= REQUIRED ACTION =
Two lines mark the range in the entries below: the one holding "then show ?thesis by simp" and the one holding "a b * omc g a b *". Set down those two and all lines between them, exactly.

= PROVIDED DATA =
(* Let $m$ be an even integer $\ge4$ and $l\ge m/2$. For any $u_1,\ldots,u_m\in V$, $$(\pi\otimes1_V^{\otimes m-4}\otimes\pi)(1_V^{\otimes m}\otimes C^{\otimes l})|u_1u_2\cdots u_m\omega_0^l| = (\pi\otimes1_V^{\otimes m-4}\otimes\pi)\Big((2g)^lu_1\cdots u_m+\big(l-\tfrac m2\big)(-1)^l\Phi_1(u)+(-1)^l\Phi_2(u)\Big),$$ where $\Phi_1(u)=(-1)^{\frac m2-1}\mathrm{Cont}(u_2\cdots u_{m-1})\,u_m\omega_0^{\frac m2-1}u_1$ and $$\Phi_2(u)=\sum_{\substack{1\le k\le m-1\\ k\text{ odd}}}(-1)^{\frac{k-1}2}\Big(\mathrm{Cont}(u_{m-k+1}\cdots u_{m-1})\,u_m\omega_0^{\frac{k-1}2}u_1u_2\cdots u_{m-k}+\mathrm{Cont}(u_2\cdots u_k)\,u_{k+1}\cdots u_m\omega_0^{\frac{k-1}2}u_1\Big).$$
   Context: $\mathbb{K}$ is a field of characteristic zero and $V$ a symplectic $\mathbb{K}$-vector space of dimension $2g$ with symplectic basis $a_1,\ldots,a_g,b_1,\ldots,b_g$; $\omega_0=\sum_i(a_i\otimes b_i-b_i\otimes a_i)\in V^{\otimes 2}$. $C\colon V^{\otimes2}\to\mathbb{K}$ is bilinear with $C(a_i\otimes b_j)=\delta_{ij}$, $C(b_i\otimes a_j)=-\delta_{ij}$, $C(a_i\otimes a_j)=C(b_i\otimes b_j)=0$ (so $C(\omega_0)=2g$); $Q=\ker C$ and $\pi\colon V^{\otimes2}\to Q$ is the projection along $V^{\otimes2}=Q\oplus\mathbb{K}\omega_0$. Products are taken in the tensor algebra $T(V)$. Here $|\cdot|$ is the cyclic symmetrization $|x_1\cdots x_N|=\sum_{k=0}^{N-1}\nu^k(x_1\cdots x_N)$ for $x_i\in V$, with $\nu(x_1x_2\cdots x_N)=x_2\cdots x_Nx_1$. $C^{\otimes l}$ is applied to the last $2l$ tensor factors in consecutive pairs. For $v_1,\ldots,v_{2r}\in V$, $\mathrm{Cont}(v_1\cdots v_{2r})=C(v_1\otimes v_2)\cdots C(v_{2r-1}\otimes v_{2r})$ (equal to $1$ for $r=0$). *)

theory Defs
  imports Main
begin

(* Coordinate model of V: basis e_0,...,e_{2g-1} with e_i = a_{i+1} (i < g),
   e_{g+i} = b_{i+1} (i < g).  A vector is its coordinate function (only
   coordinates < 2g are used); a degree-N tensor is its coefficient function on
   words of length N over {..<2g}. *)

type_synonym 'k vec = "nat \<Rightarrow> 'k"
type_synonym 'k tensor = "nat list \<Rightarrow> 'k"

definition words :: "nat \<Rightarrow> nat \<Rightarrow> nat list set" where
  "words g N = {w. length w = N \<and> set w \<subseteq> {..<2*g}}"

(* omc g i j = C(e_i \<otimes> e_j) = coefficient of e_i e_j in omega_0 *)
definition omc :: "nat \<Rightarrow> nat \<Rightarrow> nat \<Rightarrow> 'k::ring_1" where
  "omc g i j = (if i < g \<and> j = i + g then 1 else if j < g \<and> i = j + g then -1 else 0)"

definition Cbil :: "nat \<Rightarrow> 'k::ring_1 vec \<Rightarrow> 'k vec \<Rightarrow> 'k" where
  "Cbil g x y = (\<Sum>i<2*g. \<Sum>j<2*g. x i * y j * omc g i j)"

fun contl :: "nat \<Rightarrow> 'k::ring_1 vec list \<Rightarrow> 'k" where
  "contl g (x # y # r) = Cbil g x y * contl g r"
| "contl g _ = 1"

definition vt :: "'k vec \<Rightarrow> 'k tensor" where
  "vt u w = u (hd w)"

definition vw :: "'k::comm_monoid_mult vec list \<Rightarrow> 'k tensor" where
  "vw us w = (\<Prod>i<length us. (us ! i) (w ! i))"

definition ompow :: "nat \<Rightarrow> nat \<Rightarrow> 'k::comm_ring_1 tensor" where
  "ompow g k w = (\<Prod>i<k. omc g (w ! (2*i)) (w ! (2*i+1)))"

definition tm :: "nat \<Rightarrow> 'k::times tensor \<Rightarrow> 'k tensor \<Rightarrow> 'k tensor" where
  "tm n S T w = S (take n w) * T (drop n w)"

(* nu(x_1 x_2 ... x_N) = x_2 ... x_N x_1, extended linearly *)
definition nu :: "'k tensor \<Rightarrow> 'k tensor" where
  "nu T v = T (last v # butlast v)"

definition cyc :: "nat \<Rightarrow> 'k::comm_monoid_add tensor \<Rightarrow> 'k tensor" where
  "cyc N T v = (\<Sum>k<N. (nu ^^ k) T v)"

(* 1^{\<otimes> deg v} \<otimes> C^{\<otimes> l} applied to a tensor of degree deg v + 2l *)
definition contrC :: "nat \<Rightarrow> nat \<Rightarrow> 'k::comm_ring_1 tensor \<Rightarrow> 'k tensor" where
  "contrC g l T v = (\<Sum>z\<in>words g (2*l). T (v @ z) * (\<Prod>i<l. omc g (z ! (2*i)) (z ! (2*i+1))))"

(* pi(x) = x - C(x)/(2g) omega_0, applied to the first two / last two factors *)
definition piL :: "nat \<Rightarrow> 'k::field tensor \<Rightarrow> 'k tensor" where
  "piL g T v = T v - omc g (v ! 0) (v ! 1) / of_nat (2*g) *
      (\<Sum>x<2*g. \<Sum>y<2*g. omc g x y * T (x # y # drop 2 v))"

definition piR :: "nat \<Rightarrow> 'k::field tensor \<Rightarrow> 'k tensor" where
  "piR g T v = T v - omc g (v ! (length v - 2)) (v ! (length v - 1)) / of_nat (2*g) *
      (\<Sum>x<2*g. \<Sum>y<2*g. omc g x y * T (take (length v - 2) v @ [x, y]))"

definition Pi2 :: "nat \<Rightarrow> 'k::field tensor \<Rightarrow> 'k tensor" where
  "Pi2 g T = piL g (piR g T)"

definition Phi1 :: "nat \<Rightarrow> nat \<Rightarrow> (nat \<Rightarrow> 'k::comm_ring_1 vec) \<Rightarrow> 'k tensor" where
  "Phi1 g m u v = (-1) ^ (m div 2 - 1) * contl g (map u [2..<m]) *
     tm 1 (vt (u m)) (tm (2 * (m div 2 - 1)) (ompow g (m div 2 - 1)) (vt (u 1))) v"

definition Phi2 :: "nat \<Rightarrow> nat \<Rightarrow> (nat \<Rightarrow> 'k::comm_ring_1 vec) \<Rightarrow> 'k tensor" where
  "Phi2 g m u v = (\<Sum>k\<in>{k. 1 \<le> k \<and> k \<le> m - 1 \<and> odd k}. (-1) ^ ((k - 1) div 2) *
     (contl g (map u [m-k+1..<m]) *
        tm 1 (vt (u m)) (tm (k - 1) (ompow g ((k - 1) div 2)) (vw (map u [1..<m-k+1]))) v
      + contl g (map u [2..<k+1]) *
        tm (m - k) (vw (map u [k+1..<m+1])) (tm (k - 1) (ompow g ((k - 1) div 2)) (vt (u 1))) v))"

end

(*
  Expanding the cyclic symmetrisation, the left-hand side is a sum over the m + 2l rotations
  of u_1 ... u_m omega_0^l, each contracted against omega_0^l.  The trivial rotation gives
  (2g)^l u_1 ... u_m.  A rotation by an even j > 0 puts the first or the last two output
  letters on a single factor omega_0, which pi annihilates.  For odd j the copy of omega_0^l
  inside the rotated word is shifted by one letter against the contracting copy; since the
  matrix of C squares to -1, this chain collapses to a single C, which carries u_m (if j < m),
  u_1 (if j > 2l), or both (if m < j <= 2l) to the other end of the word, while the u's
  paired with the contracting copy produce Cont.  These give the summands of Phi_2 and the
  l - m/2 copies of Phi_1 respectively.
*)

theory Submission
  imports Defs
begin

lemma length_words: "v \<in> words g n \<Longrightarrow> length v = n"
  by (simp add: words_def)

lemma nth_words_less: "v \<in> words g n \<Longrightarrow> i < n \<Longrightarrow> v ! i < 2*g"
  by (auto simp: words_def dest!: nth_mem)

lemma words_0 [simp]: "words g 0 = {[]}"
  by (auto simp: words_def)

lemma sum_words_Suc:
  "(\<Sum>z\<in>words g (Suc n). f z) = (\<Sum>a<2*g. \<Sum>z\<in>words g n. f (a # z))"
proof -
  have "words g (Suc n) = (\<lambda>(a, z). a # z) ` ({..<2*g} \<times> words g n)"
    by (auto simp: words_def length_Suc_conv image_iff)
  moreover have "inj_on (\<lambda>(a, z). a # z) ({..<2*g} \<times> words g n)"
    by (auto simp: inj_on_def)
  ultimately show ?thesis
    by (simp add: sum.reindex sum.cartesian_product split_def)
qed

lemma sum_words_append:
  "(\<Sum>z\<in>words g (a + b). f z) = (\<Sum>x\<in>words g a. \<Sum>y\<in>words g b. f (x @ y))"
  by (induction a arbitrary: f) (simp_all add: sum_words_Suc)

lemma sum_words_split_pair:
  "(\<Sum>z\<in>words g (a + (2 + b)). f z) =
   (\<Sum>p\<in>words g a. \<Sum>c<2*g. \<Sum>d<2*g. \<Sum>x\<in>words g b. f (p @ c # d # x))"
  by (subst sum_words_append) (simp add: sum_words_Suc numeral_2_eq_2)

lemma vw_Nil [simp]: "vw [] w = 1"
  by (simp add: vw_def)

lemma vw_Cons [simp]: "vw (x # xs) (a # w) = x a * vw xs w"
  unfolding vw_def by (simp only: length_Cons prod.lessThan_Suc_shift) simp

lemma vw_append: "length a = length xs \<Longrightarrow> vw (xs @ ys) (a @ b) = vw xs a * vw ys b"
  by (induction xs arbitrary: a) (auto simp: length_Suc_conv mult.assoc)

lemma vt_Cons [simp]: "vt u (a # w) = u a"
  by (simp add: vt_def)

lemma ompow_0 [simp]: "ompow g 0 w = 1"
  by (simp add: ompow_def)

lemma ompow_Suc [simp]: "ompow g (Suc n) (a # b # w) = omc g a b * ompow g n w"
  unfolding ompow_def by (simp only: prod.lessThan_Suc_shift) simp

lemma ompow_append:
  "length x = 2*k \<Longrightarrow> k \<le> n \<Longrightarrow> ompow g n (x @ y) = ompow g k x * ompow g (n - k) y"
proof (induction k arbitrary: x n)
  case (Suc k)
  then obtain a b x' where "x = a # b # x'" "length x' = 2*k"
    by (auto simp: numeral_2_eq_2 length_Suc_conv)
  moreover obtain n' where "n = Suc n'"
    using Suc.prems by (cases n) auto
  ultimately show ?case
    using Suc by (simp add: mult.assoc)
qed simp

lemma ompow_append_pair:
  "length x = 2*k \<Longrightarrow> k < n \<Longrightarrow>
   ompow g n (x @ a # b # y) = ompow g k x * omc g a b * ompow g (n - k - 1) y"
  using ompow_append[of x k n g "a # b # y"] by (cases "n - k") (auto simp: mult.assoc)

lemma omc_antisym: "omc g a b = - (omc g b a :: 'k::ring_1)"
  by (auto simp: omc_def)

lemma sum_omc_omc:
  assumes "a < 2*g" "b < 2*g"
  shows "(\<Sum>c<2*g. omc g a c * omc g c b) = (if a = b then -1 else (0::'k::ring_1))"
proof -
  define a' where "a' = (if a < g then a + g else a - g)"
  have "a' < 2*g" using assms by (auto simp: a'_def)
  have "(\<Sum>c<2*g. omc g a c * omc g c b) = (\<Sum>c<2*g. if c = a' then omc g a a' * omc g a' b else 0 :: 'k)"
    by (rule sum.cong) (auto simp: omc_def a'_def)
  then show ?thesis
    using assms \<open>a' < 2*g\<close> by (simp add: omc_def a'_def)
qed

lemma sum_omc_squared: "(\<Sum>a<2*g. \<Sum>b<2*g. omc g a b * omc g a b) = (of_nat (2*g) :: 'k::ring_1)"
proof -
  have "(\<Sum>b<2*g. omc g a b * omc g a b) = (1::'k)" if "a < 2*g" for a
  proof -
    have "(\<Sum>b<2*g. omc g a b * omc g a b) = - (\<Sum>b<2*g. omc g a b * omc g b a :: 'k)"
      by (subst (2) omc_antisym) (simp add: sum_negf)
    then show ?thesis using that by (simp add: sum_omc_omc)
  qed
  then have "(\<Sum>a<2*g. \<Sum>b<2*g. omc g a b * omc g a b) = (\<Sum>a<2*g. 1::'k)"
    by (intro sum.cong) simp_all
  then show ?thesis by simp
qed

lemma sum_ompow_squared:
  "(\<Sum>z\<in>words g (2*l). ompow g l z * ompow g l z) = (of_nat (2*g) ^ l :: 'k::comm_ring_1)"
proof (induction l)
  case (Suc l)
  have "(\<Sum>z\<in>words g (2 * Suc l). ompow g (Suc l) z * ompow g (Suc l) z) =
     (\<Sum>a<2*g. \<Sum>b<2*g. omc g a b * omc g a b *
        (\<Sum>z\<in>words g (2*l). ompow g l z * ompow g l z) :: 'k)"
    by (simp add: sum_words_Suc sum_distrib_left mult_ac)
  also have "\<dots> = of_nat (2*g) ^ Suc l"
    using Suc.IH sum_omc_squared[where 'k='k, of g] by (simp add: sum_distrib_right[symmetric])
  finally show ?case .
qed simp

lemma sum_vw_ompow:
  "length us = 2*n \<Longrightarrow> (\<Sum>p\<in>words g (2*n). vw us p * ompow g n p) = (contl g us :: 'k::comm_ring_1)"
proof (induction n arbitrary: us)
  case (Suc n)
  then obtain x y us' where us: "us = x # y # us'" "length us' = 2*n"
    by (auto simp: numeral_2_eq_2 length_Suc_conv)
  have "(\<Sum>p\<in>words g (2 * Suc n). vw us p * ompow g (Suc n) p)
     = (\<Sum>a<2*g. \<Sum>b<2*g. x a * y b * omc g a b * (\<Sum>p\<in>words g (2*n). vw us' p * ompow g n p))"
    by (simp add: us sum_words_Suc sum_distrib_left mult_ac)
  also have "\<dots> = Cbil g x y * contl g us'"
    using Suc.IH[OF us(2)] by (simp add: Cbil_def sum_distrib_right)
  finally show ?case by (simp add: us)
qed simp

lemma sum_ompow_shift:
  assumes "d < 2*g" "e < 2*g"
  shows "(\<Sum>x\<in>words g (2*n). ompow g (Suc n) (d # x @ [e]) * ompow g n x) = (-1)^n * (omc g d e :: 'k::comm_ring_1)"
  using assms(1)
proof (induction n arbitrary: d)
  case (Suc n)
  let ?S = "\<lambda>b. (\<Sum>x\<in>words g (2*n). ompow g (Suc n) (b # x @ [e]) * ompow g n x :: 'k)"
  have "(\<Sum>x\<in>words g (2 * Suc n). ompow g (Suc (Suc n)) (d # x @ [e]) * ompow g (Suc n) x)
      = (\<Sum>a<2*g. \<Sum>b<2*g. (omc g d a * omc g a b) * ?S b)"
    by (simp add: sum_words_Suc sum_distrib_left mult_ac)
  also have "\<dots> = (\<Sum>b<2*g. (\<Sum>a<2*g. omc g d a * omc g a b) * ?S b)"
    by (subst sum.swap) (simp add: sum_distrib_right)
  also have "\<dots> = (\<Sum>b<2*g. if d = b then - ?S b else 0)"
    using Suc.prems by (intro sum.cong refl) (simp add: sum_omc_omc)
  also have "\<dots> = - ?S d"
    using Suc.prems by (simp add: sum.delta)
  also have "\<dots> = (-1)^Suc n * omc g d e"
    using Suc by simp
  finally show ?case .
qed simp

= EXPECTED ANSWER =
  then show ?thesis by simp
qed

lemma sum_ompow_squared:
  "(\<Sum>z\<in>words g (2*l). ompow g l z * ompow g l z) = (of_nat (2*g) ^ l :: 'k::comm_ring_1)"
proof (induction l)
  case (Suc l)
  have "(\<Sum>z\<in>words g (2 * Suc l). ompow g (Suc l) z * ompow g (Suc l) z) =
     (\<Sum>a<2*g. \<Sum>b<2*g. omc g a b * omc g a b *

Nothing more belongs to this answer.